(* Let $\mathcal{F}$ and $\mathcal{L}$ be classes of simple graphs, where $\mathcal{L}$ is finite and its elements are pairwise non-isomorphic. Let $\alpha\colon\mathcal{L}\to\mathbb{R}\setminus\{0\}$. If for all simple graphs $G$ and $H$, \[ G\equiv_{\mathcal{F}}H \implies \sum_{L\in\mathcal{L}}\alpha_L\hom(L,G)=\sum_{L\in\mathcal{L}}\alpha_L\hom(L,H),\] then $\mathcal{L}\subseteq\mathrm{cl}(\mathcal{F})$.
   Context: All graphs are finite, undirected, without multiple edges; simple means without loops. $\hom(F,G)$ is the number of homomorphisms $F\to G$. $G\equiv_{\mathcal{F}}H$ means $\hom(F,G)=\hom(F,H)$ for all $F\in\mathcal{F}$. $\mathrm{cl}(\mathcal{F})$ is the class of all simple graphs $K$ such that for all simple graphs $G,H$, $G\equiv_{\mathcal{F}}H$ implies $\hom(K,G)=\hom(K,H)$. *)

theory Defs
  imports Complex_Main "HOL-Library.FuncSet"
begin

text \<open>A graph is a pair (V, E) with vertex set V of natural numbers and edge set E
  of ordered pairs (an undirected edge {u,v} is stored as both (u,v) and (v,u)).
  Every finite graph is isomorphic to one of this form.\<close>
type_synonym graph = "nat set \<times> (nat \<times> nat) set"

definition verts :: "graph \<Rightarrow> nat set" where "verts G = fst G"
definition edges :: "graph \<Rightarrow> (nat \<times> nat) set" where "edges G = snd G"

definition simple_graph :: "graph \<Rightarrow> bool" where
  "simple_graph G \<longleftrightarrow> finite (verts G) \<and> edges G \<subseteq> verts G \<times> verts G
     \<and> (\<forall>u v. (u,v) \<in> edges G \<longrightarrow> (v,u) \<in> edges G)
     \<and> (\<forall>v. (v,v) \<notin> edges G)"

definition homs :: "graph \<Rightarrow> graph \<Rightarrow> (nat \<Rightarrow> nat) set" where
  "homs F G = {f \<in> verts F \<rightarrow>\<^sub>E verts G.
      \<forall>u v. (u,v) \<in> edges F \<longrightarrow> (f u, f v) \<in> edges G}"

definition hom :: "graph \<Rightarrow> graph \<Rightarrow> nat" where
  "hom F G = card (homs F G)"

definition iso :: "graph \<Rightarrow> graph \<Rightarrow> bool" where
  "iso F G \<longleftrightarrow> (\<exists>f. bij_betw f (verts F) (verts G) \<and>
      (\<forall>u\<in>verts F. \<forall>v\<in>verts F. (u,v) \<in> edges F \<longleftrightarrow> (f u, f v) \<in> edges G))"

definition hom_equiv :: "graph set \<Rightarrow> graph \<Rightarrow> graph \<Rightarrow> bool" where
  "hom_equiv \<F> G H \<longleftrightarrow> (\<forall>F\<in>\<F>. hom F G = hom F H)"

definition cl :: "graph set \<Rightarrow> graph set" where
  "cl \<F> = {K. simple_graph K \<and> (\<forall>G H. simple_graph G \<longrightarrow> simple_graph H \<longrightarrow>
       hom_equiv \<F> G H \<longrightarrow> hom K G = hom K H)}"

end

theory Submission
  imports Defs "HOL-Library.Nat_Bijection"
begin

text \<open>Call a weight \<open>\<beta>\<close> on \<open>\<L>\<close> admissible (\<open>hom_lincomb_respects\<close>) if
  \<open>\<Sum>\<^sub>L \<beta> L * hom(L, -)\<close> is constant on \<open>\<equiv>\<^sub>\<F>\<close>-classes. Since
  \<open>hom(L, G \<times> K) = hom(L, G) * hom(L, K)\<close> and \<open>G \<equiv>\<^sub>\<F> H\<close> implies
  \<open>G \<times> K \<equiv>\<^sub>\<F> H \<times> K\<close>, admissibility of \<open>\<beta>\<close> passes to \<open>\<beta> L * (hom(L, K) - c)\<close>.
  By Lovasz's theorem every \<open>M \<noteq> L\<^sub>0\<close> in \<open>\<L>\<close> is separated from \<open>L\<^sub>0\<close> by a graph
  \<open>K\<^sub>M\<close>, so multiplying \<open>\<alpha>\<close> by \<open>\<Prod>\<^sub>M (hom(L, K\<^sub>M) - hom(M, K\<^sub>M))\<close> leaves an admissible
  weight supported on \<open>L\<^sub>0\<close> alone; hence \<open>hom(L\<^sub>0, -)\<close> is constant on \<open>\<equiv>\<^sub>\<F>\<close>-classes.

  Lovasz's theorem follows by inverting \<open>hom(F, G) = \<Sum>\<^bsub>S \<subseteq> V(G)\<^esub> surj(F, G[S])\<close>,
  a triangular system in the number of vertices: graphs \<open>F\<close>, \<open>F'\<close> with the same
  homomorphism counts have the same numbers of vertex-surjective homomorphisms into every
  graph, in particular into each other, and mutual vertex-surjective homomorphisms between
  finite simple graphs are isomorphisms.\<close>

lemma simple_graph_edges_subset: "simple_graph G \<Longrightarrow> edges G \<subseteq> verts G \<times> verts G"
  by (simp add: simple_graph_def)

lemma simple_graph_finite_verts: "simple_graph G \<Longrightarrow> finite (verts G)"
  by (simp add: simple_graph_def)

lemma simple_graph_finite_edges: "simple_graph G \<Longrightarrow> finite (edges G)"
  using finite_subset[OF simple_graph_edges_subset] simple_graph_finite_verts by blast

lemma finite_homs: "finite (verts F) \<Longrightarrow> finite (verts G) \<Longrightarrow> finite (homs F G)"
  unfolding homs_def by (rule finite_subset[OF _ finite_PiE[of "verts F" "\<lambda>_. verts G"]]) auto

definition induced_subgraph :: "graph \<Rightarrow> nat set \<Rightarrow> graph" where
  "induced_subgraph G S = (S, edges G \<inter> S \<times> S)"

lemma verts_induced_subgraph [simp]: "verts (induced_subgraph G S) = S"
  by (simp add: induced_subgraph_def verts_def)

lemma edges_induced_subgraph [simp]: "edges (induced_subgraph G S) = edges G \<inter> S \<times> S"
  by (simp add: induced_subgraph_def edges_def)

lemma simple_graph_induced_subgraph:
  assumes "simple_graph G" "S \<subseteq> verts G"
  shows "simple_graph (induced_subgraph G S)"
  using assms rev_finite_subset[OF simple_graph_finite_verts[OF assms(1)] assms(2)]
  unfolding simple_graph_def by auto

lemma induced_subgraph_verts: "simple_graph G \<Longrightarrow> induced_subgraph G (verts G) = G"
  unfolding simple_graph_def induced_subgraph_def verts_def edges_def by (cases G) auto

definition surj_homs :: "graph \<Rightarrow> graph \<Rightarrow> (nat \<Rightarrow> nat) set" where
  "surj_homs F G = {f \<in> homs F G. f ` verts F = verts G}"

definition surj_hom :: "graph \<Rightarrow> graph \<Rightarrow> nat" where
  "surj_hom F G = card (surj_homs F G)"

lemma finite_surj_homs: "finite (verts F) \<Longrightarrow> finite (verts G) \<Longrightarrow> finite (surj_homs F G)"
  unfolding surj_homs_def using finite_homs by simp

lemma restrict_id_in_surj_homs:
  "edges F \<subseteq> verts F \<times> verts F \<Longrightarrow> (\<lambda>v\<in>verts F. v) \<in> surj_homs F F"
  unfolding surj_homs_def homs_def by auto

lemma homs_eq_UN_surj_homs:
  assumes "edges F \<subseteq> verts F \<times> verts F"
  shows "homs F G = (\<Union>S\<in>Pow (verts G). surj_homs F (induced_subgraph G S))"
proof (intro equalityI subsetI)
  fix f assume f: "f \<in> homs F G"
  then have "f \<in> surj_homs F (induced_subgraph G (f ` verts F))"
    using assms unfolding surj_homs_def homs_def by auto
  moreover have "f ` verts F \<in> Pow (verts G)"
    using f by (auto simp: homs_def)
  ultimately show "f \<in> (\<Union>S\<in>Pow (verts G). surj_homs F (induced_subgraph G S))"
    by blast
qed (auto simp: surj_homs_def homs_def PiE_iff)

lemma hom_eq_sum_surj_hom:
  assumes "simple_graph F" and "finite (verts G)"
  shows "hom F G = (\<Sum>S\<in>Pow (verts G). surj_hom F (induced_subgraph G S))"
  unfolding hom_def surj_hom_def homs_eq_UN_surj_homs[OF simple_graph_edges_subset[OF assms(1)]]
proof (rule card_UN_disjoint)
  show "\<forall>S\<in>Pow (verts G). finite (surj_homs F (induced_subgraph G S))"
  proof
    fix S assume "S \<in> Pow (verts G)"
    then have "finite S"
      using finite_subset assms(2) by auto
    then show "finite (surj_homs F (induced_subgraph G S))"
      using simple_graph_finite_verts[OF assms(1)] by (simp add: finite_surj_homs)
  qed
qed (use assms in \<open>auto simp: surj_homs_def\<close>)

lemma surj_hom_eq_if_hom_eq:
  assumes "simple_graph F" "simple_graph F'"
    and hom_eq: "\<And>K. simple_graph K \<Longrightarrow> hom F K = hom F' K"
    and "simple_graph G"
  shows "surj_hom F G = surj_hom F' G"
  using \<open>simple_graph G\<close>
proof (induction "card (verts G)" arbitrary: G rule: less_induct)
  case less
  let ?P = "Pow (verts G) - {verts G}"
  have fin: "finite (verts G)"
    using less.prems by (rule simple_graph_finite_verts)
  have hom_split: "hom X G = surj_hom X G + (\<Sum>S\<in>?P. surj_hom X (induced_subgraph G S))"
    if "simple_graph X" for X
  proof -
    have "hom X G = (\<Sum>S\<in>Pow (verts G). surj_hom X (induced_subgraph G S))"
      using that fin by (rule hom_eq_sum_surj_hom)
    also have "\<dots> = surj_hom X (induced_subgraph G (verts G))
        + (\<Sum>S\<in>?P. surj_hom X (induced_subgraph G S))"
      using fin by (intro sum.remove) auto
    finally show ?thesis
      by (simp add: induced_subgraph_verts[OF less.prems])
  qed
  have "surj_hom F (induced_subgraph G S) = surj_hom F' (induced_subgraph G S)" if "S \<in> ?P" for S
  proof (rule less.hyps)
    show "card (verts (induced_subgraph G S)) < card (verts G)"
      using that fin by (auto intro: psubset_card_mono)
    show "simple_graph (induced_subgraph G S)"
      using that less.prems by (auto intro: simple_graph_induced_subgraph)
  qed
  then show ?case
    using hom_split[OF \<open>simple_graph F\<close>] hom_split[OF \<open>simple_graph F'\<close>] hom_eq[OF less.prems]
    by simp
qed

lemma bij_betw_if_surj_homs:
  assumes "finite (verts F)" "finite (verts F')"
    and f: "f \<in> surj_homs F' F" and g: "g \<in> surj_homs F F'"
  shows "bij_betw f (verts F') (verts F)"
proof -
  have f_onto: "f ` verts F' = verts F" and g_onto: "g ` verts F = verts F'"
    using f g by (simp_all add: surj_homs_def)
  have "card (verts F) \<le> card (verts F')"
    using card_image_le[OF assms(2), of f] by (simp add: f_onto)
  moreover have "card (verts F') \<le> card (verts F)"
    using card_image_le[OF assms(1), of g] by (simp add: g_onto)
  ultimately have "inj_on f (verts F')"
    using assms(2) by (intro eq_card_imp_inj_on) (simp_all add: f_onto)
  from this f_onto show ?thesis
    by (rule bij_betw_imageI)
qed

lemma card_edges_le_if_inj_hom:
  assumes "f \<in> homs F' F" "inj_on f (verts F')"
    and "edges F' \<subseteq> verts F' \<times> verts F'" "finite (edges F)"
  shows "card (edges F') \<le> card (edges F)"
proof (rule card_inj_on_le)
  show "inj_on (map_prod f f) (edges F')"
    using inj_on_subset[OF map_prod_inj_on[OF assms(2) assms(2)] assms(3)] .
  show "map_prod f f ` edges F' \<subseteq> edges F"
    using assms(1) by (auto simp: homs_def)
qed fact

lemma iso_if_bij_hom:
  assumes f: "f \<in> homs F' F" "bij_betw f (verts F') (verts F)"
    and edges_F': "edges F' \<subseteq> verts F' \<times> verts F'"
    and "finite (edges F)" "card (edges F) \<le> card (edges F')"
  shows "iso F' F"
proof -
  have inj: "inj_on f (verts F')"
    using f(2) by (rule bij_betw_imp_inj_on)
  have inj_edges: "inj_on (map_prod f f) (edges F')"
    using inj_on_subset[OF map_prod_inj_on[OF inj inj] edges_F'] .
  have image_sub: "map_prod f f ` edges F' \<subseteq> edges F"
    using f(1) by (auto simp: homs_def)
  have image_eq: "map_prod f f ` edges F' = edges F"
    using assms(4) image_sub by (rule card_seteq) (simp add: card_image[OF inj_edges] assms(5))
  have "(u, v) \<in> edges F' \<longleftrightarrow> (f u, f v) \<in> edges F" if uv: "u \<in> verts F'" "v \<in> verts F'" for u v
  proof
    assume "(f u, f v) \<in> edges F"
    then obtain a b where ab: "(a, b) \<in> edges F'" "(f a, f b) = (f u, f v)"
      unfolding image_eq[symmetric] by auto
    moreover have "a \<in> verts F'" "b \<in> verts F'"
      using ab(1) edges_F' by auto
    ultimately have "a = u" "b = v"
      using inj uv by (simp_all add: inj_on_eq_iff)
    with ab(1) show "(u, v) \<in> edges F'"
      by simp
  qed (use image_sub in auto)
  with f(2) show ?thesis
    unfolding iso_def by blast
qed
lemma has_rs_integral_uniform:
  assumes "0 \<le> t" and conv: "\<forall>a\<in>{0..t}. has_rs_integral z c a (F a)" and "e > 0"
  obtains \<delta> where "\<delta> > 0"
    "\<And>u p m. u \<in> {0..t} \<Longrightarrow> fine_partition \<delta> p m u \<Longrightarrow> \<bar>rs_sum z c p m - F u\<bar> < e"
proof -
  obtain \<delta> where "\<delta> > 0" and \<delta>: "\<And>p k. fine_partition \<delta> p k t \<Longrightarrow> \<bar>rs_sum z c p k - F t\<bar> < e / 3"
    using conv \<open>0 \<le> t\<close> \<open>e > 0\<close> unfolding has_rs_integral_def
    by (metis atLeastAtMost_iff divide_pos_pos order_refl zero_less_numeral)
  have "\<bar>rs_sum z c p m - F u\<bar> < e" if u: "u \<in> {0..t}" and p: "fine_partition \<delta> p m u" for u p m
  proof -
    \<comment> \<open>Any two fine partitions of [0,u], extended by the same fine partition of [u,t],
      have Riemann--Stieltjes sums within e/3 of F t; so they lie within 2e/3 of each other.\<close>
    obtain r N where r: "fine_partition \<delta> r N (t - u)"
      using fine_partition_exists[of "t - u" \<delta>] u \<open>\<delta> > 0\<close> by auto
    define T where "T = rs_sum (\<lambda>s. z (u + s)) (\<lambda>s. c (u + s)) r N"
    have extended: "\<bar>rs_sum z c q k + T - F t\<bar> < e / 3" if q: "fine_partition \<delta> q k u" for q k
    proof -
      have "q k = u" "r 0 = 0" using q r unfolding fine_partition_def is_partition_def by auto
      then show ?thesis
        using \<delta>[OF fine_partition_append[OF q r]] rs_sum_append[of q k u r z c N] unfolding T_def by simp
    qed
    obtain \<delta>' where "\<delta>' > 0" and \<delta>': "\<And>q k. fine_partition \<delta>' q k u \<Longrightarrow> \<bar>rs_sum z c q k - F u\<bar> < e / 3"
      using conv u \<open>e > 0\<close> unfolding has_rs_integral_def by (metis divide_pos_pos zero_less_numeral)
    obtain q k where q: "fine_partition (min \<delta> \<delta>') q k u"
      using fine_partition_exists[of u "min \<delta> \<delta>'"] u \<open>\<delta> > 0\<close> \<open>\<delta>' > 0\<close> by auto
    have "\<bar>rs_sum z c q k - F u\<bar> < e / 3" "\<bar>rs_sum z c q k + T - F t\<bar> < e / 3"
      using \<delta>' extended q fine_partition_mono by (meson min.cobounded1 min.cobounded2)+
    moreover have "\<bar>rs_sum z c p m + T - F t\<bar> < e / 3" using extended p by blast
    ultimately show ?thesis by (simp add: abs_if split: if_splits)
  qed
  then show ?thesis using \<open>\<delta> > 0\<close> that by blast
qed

^^^^

In the listing above, find the line with "(v,u) \<in> edges G)" and the line with "F \<rightarrow>\<^sub>E verts G.", then print exactly those two lines and every line between them, and nothing more.

## Exercise solution
     \<and> (\<forall>u v. (u,v) \<in> edges G \<longrightarrow> (v,u) \<in> edges G)
     \<and> (\<forall>v. (v,v) \<notin> edges G)"

definition homs :: "graph \<Rightarrow> graph \<Rightarrow> (nat \<Rightarrow> nat) set" where
  "homs F G = {f \<in> verts F \<rightarrow>\<^sub>E verts G.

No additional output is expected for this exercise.